15.22        The potential impacts of the formation and operation of the Project on the local hydrogeologic regime (groundwater and leachate levels and flow) around and within the Landfill were assessed through application of a fundamental drawdown model employing Darcy’s Law and based on the proposed tunnel boring methods and lining design/materials.

15.23        The potential impact of the Landfill on the tunnels was assessed by comparison of the leachate and/or down-gradient groundwater quality; particularly pH, sulphate and chloride concentrations; with known levels of resistance and/or degradation of the materials proposed for construction.  A model was employed to predict the potential corrosion of reinforcing steel that may be used in a concrete tunnel lining from chlorides in the groundwater.

15.24        The criteria to be employed to determine the potential degree of the impact of the groundwater/ leachate on the tunnels vary with the constituent concentration of contaminants as they are present at the tunnel locations.  The commonly accepted ranges of pH and sulphate (less than 5.5 or 6; and 400mg/L, respectively) were used as a basis for comparison and determination of the degree of potential concern for attack of concrete materials that may be used.  The results of the model used for estimating potential corrosion of reinforcing steel exposed to chlorides in the groundwater were used to determine the required level of protection, if any.

Evaluation of Impacts

Effect of Vibrations on Slope Stability

15.25        Several approaches have been considered and are presented in this assessment of the stability of the restored NTML slopes subjected to the vibration conditions imposed by construction of the tunnels using TBM’s and ultimately operation with the passing of trains.  The methods performed and described in the assessment presented include:

·         a preliminary analysis by the infinite slope method;

 

·         an estimation of the peak particle velocity generated with comparison to an adopted threshold limit value; and

 

·         an analysis by the more traditional force-moment equilibrium method with application of a pseudo static coefficient to simulate the forces contributed by the induced ground vibrations. 

15.26        The details of the assessment by each of these methods are provided below.

15.27        The configuration of the restored NTML is shown in plan view on Figure No.
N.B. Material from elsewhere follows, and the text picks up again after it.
(* For all homogeneous $\varphi_1,\varphi_2,\psi\in CC^\bullet(\mathscr A)[1]$, as operators on $CC_\bullet(\mathscr A)[1]$: $\rho_{[\varphi_1,\varphi_2],\psi}-\rho_{\varphi_1,[\varphi_2,\psi]}+(-1)^{|\varphi_1|'|\varphi_2|'}\rho_{\varphi_2,[\varphi_1,\psi]}=[\mathcal L_{\varphi_1},\rho_{\varphi_2,\psi}]-(-1)^{|\varphi_1|'|\varphi_2|'}[\mathcal L_{\varphi_2},\rho_{\varphi_1,\psi}]$, where on the right $[\cdot,\cdot]$ is the graded commutator ($\mathcal L_\varphi$ has degree $|\varphi|'$, $\rho_{\varphi,\psi}$ has degree $|\varphi|'+|\psi|'$).
   Context: $R$ a graded-commutative ring containing $\mathbb Q$. $\mathscr A$: a set of objects with graded $R$-modules $\mathrm{Hom}_{\mathscr A}(X,Y)$. Set $\mathscr A(X_0,\dots,X_k):=\mathrm{Hom}(X_0,X_1)[1]\otimes\cdots\otimes\mathrm{Hom}(X_{k-1},X_k)[1]$; for $x$ in a shifted Hom, $|x|'$ denotes its shifted degree. $CC^\bullet(\mathscr A)=\prod_{X_0,\dots,X_k}\mathrm{Hom}_R(\mathscr A(X_0,\dots,X_k),\mathrm{Hom}(X_0,X_k))$ (graded), $CC_\bullet(\mathscr A)=\bigoplus\mathrm{Hom}(X_0,X_1)\otimes\mathscr A(X_1,\dots,X_k,X_0)$; elements of $CC_\bullet(\mathscr A)[1]$ are written $\mathbb X=x_0\otimes\cdots\otimes x_k$ with all $x_i$ in shifted Homs. For $\varphi\in CC^\bullet(\mathscr A)[1]$, $|\varphi|'$ denotes its degree in $CC^\bullet(\mathscr A)[1]$ (i.e. as a map of shifted spaces $\mathscr A(\cdots)\to\mathrm{Hom}[1]$). Operations: $(\varphi\circ\psi)(x_1,\dots,x_k)=\sum_{0\le i\le j\le k}(-1)^{|\psi|'(|x_1|'+\cdots+|x_i|')}\varphi(x_1,\dots,x_i,\psi(x_{i+1},\dots,x_j),x_{j+1},\dots,x_k)$; $[\varphi,\psi]=\varphi\circ\psi-(-1)^{|\varphi|'|\psi|'}\psi\circ\varphi$; $\mathcal L_\varphi(\mathbb X)=\sum_{0\le i\le j\le k}(-1)^{|\varphi|'(|x_0|'+\cdots+|x_i|')}x_0\otimes\cdots\otimes x_i\otimes\varphi(x_{i+1},\dots,x_j)\otimes x_{j+1}\otimes\cdots\otimes x_k+\sum_{0\le i\le j\le k}(-1)^{(|x_0|'+\cdots+|x_j|')(|x_{j+1}|'+\cdots+|x_k|')}\varphi(x_{j+1},\dots,x_k,x_0,\dots,x_i)\otimes x_{i+1}\otimes\cdots\otimes x_j$; $\rho_{\varphi,\psi}(\mathbb X)=\sum_{0\le i\le j\le s\le t\le k}(-1)^{\#}\varphi(x_{j+1},\dots,x_s,\psi(x_{s+1},\dots,x_t),x_{t+1},\dots,x_k,x_0,\dots,x_i)\otimes x_{i+1}\otimes\cdots\otimes x_j$, $\#=|\psi|'(|x_{j+1}|'+\cdots+|x_s|')+(|x_0|'+\cdots+|x_j|')(|x_{j+1}|'+\cdots+|x_k|')$. *)

theory Defs
  imports Main "HOL-Library.Poly_Mapping"
begin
NOL/ERL/300/C/XRL/ENS/M53/001; with the critical cross-section employed for assessment of slope stability shown on Figure No. NOL/ERL/300/C/XRL/ENS/M61/202.

Infinite Slope Method

15.28        Infinite slope stability analyses were performed to provide an initial indication of the potential effect that ground borne vibrations generated from construction and operations of the tunnels may have on the restored NTML waste slopes.  The analyses performed were comprised of two (2) components:

(a)     a quantitative assessment of the minimum Factor of Safety of the waste slopes under “static” conditions based on the conservative assumptions that the slopes are infinitely long and configured at the maximum slope inclination shown in the “as-constructed” drawings produced by the Restoration Contractor [refer to Appendix 15.1 for a copy of select “as-constructed” drawings of the restored NTML]; and

 

(b)    a qualitative assessment of the same slopes under “dynamic” conditions by relative comparison of the anticipated ground acceleration experienced during construction and operation of the tunnels to a maximum allowable ground acceleration.  Note that this assessment is qualitative in nature due to the fact that the infinite slope analysis method is limited to determining non-quantifiable, relative ground movements between the Landfill slope in question and the surrounding ground.

 

15.29        The results of the quantitative infinite slope analysis indicate that the restored NTML slopes are stable to a minimum Factor of Safety of 1.5 under “static” conditions, without consideration of the vibrations induced by external sources such as the tunnel construction or their use by trains.  This is higher than the minimum Factor of Safety of 1.2 required by the Restoration Contract [Ref 5].  As anticipated, because of the conservative nature of the analytical method used in this assessment, the minimum Factor of Safety obtained is less than the value of 1.73 determined by the Restoration Contractor during the works design.

15.30        The subsequent qualitative analysis provides an indication that the waste mass within the Landfill will move together, in synchronization with, the adjacent ground surfaces.  Therefore, there will be no net differential movement or displacement between the Landfill slopes and the surrounding ground under the considered “dynamic” conditions of TBM tunnel construction and train operations.  Under these conditions, the Landfill waste slopes are considered stable.

15.31        A copy of the infinite slope analyses performed for both the “static” and the “dynamic” conditions described herein is included in Appendix 15.2 for reference.

            Peak Particle Velocity Method

15.32        An estimate of the vibrations in the form of peak particle velocities generated during construction was developed and presented in Working Paper No. 42 [Ref. 1].  The estimate made is based on use of the Hiller and Bowers equation, in which the upper bound of the peak particle velocity at the receptor; in this case the restored NTML slopes; is a function of an exponential of the distance between the TBM and the receptor, multiplied by a constant:

                                    V = 180 x-1.3

 

       Where:     V = the upper bound Peak Particle Velocity (PPV) resultant (mm/sec) at the receptor; and

                                    x = the distance (m) between the TBM source and the receptor.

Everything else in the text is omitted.